Records for processing »
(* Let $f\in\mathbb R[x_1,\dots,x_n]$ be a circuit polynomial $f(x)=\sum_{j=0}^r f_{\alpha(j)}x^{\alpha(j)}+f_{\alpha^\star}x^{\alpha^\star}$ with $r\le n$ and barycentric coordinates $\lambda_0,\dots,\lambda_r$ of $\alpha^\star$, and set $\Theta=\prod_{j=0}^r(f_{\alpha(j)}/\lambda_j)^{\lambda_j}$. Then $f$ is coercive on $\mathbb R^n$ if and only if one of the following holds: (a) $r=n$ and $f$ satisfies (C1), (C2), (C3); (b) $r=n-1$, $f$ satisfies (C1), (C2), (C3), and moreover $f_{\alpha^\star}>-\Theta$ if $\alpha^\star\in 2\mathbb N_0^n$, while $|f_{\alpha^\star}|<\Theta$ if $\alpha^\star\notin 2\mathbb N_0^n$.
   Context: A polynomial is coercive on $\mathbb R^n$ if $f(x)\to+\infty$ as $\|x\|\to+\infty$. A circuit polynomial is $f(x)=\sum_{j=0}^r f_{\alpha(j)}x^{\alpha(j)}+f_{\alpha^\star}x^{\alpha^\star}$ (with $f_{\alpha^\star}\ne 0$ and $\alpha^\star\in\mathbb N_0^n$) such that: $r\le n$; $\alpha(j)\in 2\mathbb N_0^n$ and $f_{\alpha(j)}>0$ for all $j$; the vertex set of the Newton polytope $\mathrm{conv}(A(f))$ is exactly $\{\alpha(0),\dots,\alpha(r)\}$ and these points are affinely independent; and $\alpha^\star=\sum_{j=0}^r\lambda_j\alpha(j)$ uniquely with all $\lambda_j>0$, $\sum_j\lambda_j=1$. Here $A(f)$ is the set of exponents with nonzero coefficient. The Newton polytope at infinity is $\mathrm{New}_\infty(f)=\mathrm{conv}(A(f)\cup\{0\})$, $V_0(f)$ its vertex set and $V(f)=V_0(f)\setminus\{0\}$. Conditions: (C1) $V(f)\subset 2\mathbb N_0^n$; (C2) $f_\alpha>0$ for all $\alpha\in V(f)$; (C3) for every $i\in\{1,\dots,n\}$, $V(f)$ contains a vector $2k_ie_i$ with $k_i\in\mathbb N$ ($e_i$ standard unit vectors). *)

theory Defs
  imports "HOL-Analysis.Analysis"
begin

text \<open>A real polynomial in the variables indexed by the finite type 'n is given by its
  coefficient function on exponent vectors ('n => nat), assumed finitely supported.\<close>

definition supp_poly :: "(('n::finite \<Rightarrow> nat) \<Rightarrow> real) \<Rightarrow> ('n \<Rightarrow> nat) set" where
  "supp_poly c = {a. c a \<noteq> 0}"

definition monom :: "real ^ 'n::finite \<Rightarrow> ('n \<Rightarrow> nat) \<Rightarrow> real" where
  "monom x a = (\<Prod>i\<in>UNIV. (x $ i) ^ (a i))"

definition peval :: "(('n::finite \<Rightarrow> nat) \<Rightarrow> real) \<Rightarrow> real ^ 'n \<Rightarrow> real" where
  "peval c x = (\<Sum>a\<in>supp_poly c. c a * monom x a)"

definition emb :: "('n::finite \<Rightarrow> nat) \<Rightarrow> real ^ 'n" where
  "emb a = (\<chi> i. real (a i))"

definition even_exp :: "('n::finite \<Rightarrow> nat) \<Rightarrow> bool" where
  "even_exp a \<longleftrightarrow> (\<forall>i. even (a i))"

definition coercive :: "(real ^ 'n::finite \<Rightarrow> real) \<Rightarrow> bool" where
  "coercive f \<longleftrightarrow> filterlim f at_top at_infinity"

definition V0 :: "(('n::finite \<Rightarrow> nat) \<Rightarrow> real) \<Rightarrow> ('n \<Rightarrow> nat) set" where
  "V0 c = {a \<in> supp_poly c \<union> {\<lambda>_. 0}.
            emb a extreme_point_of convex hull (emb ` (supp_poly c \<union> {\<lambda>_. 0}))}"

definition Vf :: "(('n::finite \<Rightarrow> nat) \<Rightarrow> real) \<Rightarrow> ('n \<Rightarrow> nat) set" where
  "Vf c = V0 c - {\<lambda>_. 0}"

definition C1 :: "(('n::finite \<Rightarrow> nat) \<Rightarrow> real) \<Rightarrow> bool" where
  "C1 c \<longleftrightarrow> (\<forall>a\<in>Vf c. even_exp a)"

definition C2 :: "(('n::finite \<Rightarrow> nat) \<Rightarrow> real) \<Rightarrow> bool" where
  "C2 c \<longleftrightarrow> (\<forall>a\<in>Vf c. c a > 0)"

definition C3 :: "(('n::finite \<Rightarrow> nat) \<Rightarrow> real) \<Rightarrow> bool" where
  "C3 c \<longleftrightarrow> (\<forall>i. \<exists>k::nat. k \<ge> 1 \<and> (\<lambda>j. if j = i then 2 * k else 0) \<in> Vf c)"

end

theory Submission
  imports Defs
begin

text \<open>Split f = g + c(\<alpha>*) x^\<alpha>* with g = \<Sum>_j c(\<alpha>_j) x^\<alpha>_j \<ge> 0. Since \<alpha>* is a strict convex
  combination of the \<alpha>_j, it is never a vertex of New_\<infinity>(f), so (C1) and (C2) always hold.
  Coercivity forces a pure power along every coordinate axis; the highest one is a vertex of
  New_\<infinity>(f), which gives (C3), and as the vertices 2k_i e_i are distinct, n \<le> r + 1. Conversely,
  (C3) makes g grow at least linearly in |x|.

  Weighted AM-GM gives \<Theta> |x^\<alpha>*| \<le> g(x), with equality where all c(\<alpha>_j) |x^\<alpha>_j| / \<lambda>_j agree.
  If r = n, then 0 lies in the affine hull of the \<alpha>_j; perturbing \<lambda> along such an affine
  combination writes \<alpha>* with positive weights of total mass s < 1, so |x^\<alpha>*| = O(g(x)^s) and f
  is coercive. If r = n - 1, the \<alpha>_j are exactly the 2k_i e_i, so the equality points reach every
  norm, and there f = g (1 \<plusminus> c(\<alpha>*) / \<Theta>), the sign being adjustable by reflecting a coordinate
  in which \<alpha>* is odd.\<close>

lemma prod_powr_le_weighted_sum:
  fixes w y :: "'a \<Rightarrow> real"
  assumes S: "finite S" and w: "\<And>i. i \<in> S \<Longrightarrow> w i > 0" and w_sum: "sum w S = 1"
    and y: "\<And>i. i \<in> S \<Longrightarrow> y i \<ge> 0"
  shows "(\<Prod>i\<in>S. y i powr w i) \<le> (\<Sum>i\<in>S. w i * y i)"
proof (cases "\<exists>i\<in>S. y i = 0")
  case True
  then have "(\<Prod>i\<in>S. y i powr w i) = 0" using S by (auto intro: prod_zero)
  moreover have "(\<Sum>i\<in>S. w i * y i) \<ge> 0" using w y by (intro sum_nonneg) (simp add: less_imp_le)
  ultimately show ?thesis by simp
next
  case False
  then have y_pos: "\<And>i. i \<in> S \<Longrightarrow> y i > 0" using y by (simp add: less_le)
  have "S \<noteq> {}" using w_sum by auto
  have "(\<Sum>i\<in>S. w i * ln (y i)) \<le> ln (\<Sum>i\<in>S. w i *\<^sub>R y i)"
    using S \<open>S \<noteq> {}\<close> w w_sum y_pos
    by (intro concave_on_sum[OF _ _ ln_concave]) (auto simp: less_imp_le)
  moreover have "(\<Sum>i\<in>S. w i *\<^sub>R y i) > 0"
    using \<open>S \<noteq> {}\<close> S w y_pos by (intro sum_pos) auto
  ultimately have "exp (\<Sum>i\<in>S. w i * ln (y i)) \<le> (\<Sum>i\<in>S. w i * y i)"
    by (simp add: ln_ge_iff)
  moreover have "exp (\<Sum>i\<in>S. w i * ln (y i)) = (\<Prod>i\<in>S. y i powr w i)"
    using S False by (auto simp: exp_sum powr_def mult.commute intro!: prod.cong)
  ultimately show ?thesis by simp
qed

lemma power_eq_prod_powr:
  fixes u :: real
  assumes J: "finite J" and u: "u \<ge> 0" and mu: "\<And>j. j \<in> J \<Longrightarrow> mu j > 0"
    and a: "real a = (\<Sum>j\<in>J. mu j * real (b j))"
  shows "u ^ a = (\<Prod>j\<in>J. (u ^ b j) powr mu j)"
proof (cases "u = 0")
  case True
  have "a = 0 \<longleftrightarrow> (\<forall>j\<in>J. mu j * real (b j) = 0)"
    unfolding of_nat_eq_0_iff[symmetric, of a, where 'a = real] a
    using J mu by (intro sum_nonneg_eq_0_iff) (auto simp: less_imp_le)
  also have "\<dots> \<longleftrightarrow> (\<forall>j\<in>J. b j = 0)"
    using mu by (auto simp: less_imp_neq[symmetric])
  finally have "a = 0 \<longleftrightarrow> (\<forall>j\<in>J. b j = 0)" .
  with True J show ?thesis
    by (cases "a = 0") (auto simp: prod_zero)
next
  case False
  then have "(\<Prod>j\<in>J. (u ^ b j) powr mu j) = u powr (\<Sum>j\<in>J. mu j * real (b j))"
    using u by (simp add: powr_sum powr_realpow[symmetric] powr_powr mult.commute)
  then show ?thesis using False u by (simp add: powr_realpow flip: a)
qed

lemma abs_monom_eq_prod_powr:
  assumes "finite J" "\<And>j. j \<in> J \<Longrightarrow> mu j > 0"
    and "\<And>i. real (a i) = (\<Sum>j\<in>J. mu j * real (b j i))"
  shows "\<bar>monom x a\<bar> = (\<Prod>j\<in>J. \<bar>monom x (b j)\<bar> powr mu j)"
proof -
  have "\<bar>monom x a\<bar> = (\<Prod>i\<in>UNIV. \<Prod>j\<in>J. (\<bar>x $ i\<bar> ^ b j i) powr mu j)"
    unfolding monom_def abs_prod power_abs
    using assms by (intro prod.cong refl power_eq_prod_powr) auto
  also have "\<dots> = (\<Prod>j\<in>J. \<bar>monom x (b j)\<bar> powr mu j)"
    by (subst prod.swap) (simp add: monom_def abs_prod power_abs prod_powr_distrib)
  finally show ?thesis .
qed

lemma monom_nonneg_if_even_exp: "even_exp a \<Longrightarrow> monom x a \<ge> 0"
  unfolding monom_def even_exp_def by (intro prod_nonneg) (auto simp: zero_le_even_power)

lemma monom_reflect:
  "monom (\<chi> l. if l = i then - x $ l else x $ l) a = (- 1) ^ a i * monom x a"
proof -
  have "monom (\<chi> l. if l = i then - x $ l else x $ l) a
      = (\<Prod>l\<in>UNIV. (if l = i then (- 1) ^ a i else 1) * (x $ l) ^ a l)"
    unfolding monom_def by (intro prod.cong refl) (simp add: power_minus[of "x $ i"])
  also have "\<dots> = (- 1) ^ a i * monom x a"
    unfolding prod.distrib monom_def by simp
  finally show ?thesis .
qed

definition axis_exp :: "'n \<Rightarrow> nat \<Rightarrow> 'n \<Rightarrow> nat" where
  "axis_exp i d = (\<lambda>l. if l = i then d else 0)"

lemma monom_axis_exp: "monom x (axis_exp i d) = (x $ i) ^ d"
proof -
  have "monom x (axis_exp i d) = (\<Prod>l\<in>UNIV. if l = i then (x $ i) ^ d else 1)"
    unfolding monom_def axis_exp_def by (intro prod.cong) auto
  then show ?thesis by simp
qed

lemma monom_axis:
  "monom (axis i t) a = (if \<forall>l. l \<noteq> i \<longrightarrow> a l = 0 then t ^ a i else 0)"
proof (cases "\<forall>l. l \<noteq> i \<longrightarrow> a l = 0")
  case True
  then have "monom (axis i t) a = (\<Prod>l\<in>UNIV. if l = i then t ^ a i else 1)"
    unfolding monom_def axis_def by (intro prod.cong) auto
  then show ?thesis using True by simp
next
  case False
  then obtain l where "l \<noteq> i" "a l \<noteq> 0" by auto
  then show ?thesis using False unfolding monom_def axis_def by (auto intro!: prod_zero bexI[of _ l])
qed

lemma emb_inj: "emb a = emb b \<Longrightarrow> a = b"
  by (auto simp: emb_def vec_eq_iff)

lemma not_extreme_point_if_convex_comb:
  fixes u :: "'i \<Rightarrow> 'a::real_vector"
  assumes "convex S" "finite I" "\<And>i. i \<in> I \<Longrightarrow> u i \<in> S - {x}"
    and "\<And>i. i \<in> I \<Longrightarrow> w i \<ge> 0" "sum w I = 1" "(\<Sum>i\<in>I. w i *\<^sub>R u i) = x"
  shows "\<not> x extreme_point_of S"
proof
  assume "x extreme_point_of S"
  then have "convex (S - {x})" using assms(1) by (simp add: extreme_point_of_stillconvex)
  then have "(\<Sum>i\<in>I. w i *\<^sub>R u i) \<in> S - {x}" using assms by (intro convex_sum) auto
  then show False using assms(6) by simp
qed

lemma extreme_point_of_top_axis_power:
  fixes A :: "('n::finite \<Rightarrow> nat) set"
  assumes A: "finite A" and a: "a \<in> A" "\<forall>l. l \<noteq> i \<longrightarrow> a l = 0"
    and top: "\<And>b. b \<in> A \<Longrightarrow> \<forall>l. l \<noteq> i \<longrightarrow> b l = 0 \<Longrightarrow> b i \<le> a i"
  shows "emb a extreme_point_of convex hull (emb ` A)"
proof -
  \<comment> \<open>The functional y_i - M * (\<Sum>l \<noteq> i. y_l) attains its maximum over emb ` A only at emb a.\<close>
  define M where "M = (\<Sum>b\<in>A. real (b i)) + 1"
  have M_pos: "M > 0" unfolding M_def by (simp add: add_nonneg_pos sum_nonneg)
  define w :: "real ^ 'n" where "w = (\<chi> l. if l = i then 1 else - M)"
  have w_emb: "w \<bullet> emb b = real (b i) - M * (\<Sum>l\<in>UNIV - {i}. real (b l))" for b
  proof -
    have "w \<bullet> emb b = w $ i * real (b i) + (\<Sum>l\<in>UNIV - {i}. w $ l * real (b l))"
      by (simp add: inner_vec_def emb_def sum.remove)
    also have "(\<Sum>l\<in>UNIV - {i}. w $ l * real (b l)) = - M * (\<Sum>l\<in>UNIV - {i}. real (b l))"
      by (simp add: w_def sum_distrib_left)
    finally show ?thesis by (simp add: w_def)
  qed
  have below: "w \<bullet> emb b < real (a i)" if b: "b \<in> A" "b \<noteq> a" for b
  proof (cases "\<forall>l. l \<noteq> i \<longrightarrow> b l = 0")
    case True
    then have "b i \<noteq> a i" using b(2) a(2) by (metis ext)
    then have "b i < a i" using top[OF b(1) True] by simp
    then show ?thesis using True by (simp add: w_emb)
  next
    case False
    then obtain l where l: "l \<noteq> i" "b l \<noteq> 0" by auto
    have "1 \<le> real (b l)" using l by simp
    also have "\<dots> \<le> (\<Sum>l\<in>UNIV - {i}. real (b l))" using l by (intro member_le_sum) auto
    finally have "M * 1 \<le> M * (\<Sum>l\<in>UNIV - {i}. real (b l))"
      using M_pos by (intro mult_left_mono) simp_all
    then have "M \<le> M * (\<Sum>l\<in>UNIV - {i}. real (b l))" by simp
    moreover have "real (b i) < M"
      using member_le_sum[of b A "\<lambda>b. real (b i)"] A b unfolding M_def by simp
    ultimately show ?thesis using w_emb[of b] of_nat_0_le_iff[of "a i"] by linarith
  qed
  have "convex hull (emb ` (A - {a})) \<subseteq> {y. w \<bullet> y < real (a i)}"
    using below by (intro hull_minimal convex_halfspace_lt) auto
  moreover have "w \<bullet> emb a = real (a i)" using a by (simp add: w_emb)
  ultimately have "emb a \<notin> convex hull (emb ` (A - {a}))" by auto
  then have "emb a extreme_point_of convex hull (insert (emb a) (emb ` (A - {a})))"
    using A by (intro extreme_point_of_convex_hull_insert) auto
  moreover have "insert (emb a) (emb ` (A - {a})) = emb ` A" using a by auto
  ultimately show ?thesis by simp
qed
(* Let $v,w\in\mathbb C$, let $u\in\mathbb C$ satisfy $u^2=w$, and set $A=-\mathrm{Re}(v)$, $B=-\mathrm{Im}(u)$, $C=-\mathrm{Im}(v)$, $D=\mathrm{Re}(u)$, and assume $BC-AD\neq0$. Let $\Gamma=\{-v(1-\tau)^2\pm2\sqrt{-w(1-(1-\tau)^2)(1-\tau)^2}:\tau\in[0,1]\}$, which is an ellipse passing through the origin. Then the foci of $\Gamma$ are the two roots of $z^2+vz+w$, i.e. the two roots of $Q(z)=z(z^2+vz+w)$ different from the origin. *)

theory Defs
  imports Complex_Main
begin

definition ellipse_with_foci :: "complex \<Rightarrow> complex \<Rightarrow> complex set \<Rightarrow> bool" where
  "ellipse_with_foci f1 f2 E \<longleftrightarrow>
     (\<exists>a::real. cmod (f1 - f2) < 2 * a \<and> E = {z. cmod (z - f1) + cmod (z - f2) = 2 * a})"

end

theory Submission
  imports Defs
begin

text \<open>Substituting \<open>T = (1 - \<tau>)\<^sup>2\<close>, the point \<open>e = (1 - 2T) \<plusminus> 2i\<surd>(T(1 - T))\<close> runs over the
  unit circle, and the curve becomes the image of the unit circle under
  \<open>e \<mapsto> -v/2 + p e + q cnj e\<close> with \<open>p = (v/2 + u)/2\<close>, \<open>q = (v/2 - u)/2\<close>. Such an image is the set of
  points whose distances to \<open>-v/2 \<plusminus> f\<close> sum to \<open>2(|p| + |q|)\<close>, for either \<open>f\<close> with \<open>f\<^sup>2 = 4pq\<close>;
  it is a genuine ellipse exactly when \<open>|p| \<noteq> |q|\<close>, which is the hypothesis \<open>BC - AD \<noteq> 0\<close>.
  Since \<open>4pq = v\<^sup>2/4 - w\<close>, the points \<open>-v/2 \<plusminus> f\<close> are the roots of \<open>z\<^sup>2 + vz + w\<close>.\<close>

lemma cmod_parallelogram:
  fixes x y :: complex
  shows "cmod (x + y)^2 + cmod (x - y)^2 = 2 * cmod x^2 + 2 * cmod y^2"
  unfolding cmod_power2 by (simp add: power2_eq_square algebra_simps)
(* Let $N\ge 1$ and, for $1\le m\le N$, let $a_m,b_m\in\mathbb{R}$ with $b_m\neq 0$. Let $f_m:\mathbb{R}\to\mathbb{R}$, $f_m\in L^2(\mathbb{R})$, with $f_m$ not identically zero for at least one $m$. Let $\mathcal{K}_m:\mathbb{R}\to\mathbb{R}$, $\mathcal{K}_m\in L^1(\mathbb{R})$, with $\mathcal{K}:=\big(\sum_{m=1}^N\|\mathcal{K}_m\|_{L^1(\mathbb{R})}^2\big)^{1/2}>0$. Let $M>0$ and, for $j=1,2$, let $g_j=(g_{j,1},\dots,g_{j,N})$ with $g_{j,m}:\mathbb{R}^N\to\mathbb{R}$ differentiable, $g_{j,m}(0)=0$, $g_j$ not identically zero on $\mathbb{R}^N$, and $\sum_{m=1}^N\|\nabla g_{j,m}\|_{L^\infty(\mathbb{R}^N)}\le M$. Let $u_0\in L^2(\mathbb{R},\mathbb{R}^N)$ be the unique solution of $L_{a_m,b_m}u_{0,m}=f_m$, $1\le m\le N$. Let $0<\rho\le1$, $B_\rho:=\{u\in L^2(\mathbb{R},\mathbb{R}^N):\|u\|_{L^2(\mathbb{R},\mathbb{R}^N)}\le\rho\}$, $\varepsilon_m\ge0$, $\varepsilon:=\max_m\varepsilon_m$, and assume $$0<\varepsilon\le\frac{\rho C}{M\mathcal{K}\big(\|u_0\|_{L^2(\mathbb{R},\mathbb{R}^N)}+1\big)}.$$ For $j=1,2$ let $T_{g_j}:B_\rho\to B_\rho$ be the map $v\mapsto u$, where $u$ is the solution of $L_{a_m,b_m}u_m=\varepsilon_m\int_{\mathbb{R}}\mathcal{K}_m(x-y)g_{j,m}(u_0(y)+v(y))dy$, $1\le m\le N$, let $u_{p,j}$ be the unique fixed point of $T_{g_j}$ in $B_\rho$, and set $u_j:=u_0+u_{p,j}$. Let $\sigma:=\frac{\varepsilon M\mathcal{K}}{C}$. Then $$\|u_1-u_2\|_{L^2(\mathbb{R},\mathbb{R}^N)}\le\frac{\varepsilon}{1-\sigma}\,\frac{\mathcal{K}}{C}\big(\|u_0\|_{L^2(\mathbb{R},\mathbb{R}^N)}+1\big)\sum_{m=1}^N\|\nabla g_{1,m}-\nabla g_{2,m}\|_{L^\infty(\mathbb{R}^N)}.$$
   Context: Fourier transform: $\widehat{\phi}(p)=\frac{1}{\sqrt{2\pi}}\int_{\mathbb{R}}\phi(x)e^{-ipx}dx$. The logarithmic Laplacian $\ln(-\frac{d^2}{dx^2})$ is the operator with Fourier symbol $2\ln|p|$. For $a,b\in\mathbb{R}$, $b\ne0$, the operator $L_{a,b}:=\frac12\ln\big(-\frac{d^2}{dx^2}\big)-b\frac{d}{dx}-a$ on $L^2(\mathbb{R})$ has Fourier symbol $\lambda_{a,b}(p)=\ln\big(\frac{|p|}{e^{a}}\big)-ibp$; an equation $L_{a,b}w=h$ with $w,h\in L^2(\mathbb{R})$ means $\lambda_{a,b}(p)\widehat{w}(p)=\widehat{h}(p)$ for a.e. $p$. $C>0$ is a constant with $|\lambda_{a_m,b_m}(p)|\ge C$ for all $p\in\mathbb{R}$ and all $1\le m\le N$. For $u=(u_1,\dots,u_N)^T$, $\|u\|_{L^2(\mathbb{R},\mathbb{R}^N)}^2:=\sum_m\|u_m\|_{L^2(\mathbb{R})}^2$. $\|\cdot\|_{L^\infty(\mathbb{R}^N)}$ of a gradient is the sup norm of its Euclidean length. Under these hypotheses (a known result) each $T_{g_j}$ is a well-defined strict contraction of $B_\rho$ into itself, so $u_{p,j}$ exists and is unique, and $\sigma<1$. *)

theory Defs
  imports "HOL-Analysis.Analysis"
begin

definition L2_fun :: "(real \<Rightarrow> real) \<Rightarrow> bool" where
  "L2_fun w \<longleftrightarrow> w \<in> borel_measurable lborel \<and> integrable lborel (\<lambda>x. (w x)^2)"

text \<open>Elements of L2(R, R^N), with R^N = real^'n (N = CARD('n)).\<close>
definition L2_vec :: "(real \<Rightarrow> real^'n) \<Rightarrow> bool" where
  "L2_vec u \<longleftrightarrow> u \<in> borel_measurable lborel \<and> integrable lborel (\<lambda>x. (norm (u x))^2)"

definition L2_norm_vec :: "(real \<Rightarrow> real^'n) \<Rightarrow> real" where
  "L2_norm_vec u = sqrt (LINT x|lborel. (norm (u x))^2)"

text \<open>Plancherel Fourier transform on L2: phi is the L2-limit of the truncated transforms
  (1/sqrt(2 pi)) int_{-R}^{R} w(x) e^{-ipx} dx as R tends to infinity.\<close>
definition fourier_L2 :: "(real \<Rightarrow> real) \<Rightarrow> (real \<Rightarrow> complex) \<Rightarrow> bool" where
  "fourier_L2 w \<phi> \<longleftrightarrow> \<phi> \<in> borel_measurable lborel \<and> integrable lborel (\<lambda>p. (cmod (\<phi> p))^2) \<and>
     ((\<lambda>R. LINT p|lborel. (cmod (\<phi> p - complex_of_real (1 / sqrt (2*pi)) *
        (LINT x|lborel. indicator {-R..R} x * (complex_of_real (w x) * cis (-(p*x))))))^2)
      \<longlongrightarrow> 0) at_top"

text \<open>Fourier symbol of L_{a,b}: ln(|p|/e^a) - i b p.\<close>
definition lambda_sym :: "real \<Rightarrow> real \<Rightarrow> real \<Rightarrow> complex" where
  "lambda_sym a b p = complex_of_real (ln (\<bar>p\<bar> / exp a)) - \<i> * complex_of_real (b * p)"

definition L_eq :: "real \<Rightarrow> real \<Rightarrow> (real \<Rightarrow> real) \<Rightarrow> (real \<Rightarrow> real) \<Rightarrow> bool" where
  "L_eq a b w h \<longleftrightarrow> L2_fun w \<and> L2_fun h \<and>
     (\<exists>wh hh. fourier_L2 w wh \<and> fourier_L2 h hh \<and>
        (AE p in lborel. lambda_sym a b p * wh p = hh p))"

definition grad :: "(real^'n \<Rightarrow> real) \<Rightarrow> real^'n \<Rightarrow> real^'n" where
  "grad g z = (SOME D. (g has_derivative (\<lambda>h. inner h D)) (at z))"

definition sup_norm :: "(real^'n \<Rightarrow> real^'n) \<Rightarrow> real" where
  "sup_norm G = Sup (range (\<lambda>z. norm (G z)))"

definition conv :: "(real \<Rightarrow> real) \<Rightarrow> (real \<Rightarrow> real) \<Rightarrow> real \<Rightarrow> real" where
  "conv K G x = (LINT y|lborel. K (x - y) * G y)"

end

Problem requirements » An exact copy of the lines above, from the one containing "i *\<^sub>R y i) >" down to the one containing "i)) = (\<Prod>i\<in>S." and including both, is the whole answer; retype it and nothing else.

Solution to this exercise »
  moreover have "(\<Sum>i\<in>S. w i *\<^sub>R y i) > 0"
    using \<open>S \<noteq> {}\<close> S w y_pos by (intro sum_pos) auto
  ultimately have "exp (\<Sum>i\<in>S. w i * ln (y i)) \<le> (\<Sum>i\<in>S. w i * y i)"
    by (simp add: ln_ge_iff)
  moreover have "exp (\<Sum>i\<in>S. w i * ln (y i)) = (\<Prod>i\<in>S. y i powr w i)"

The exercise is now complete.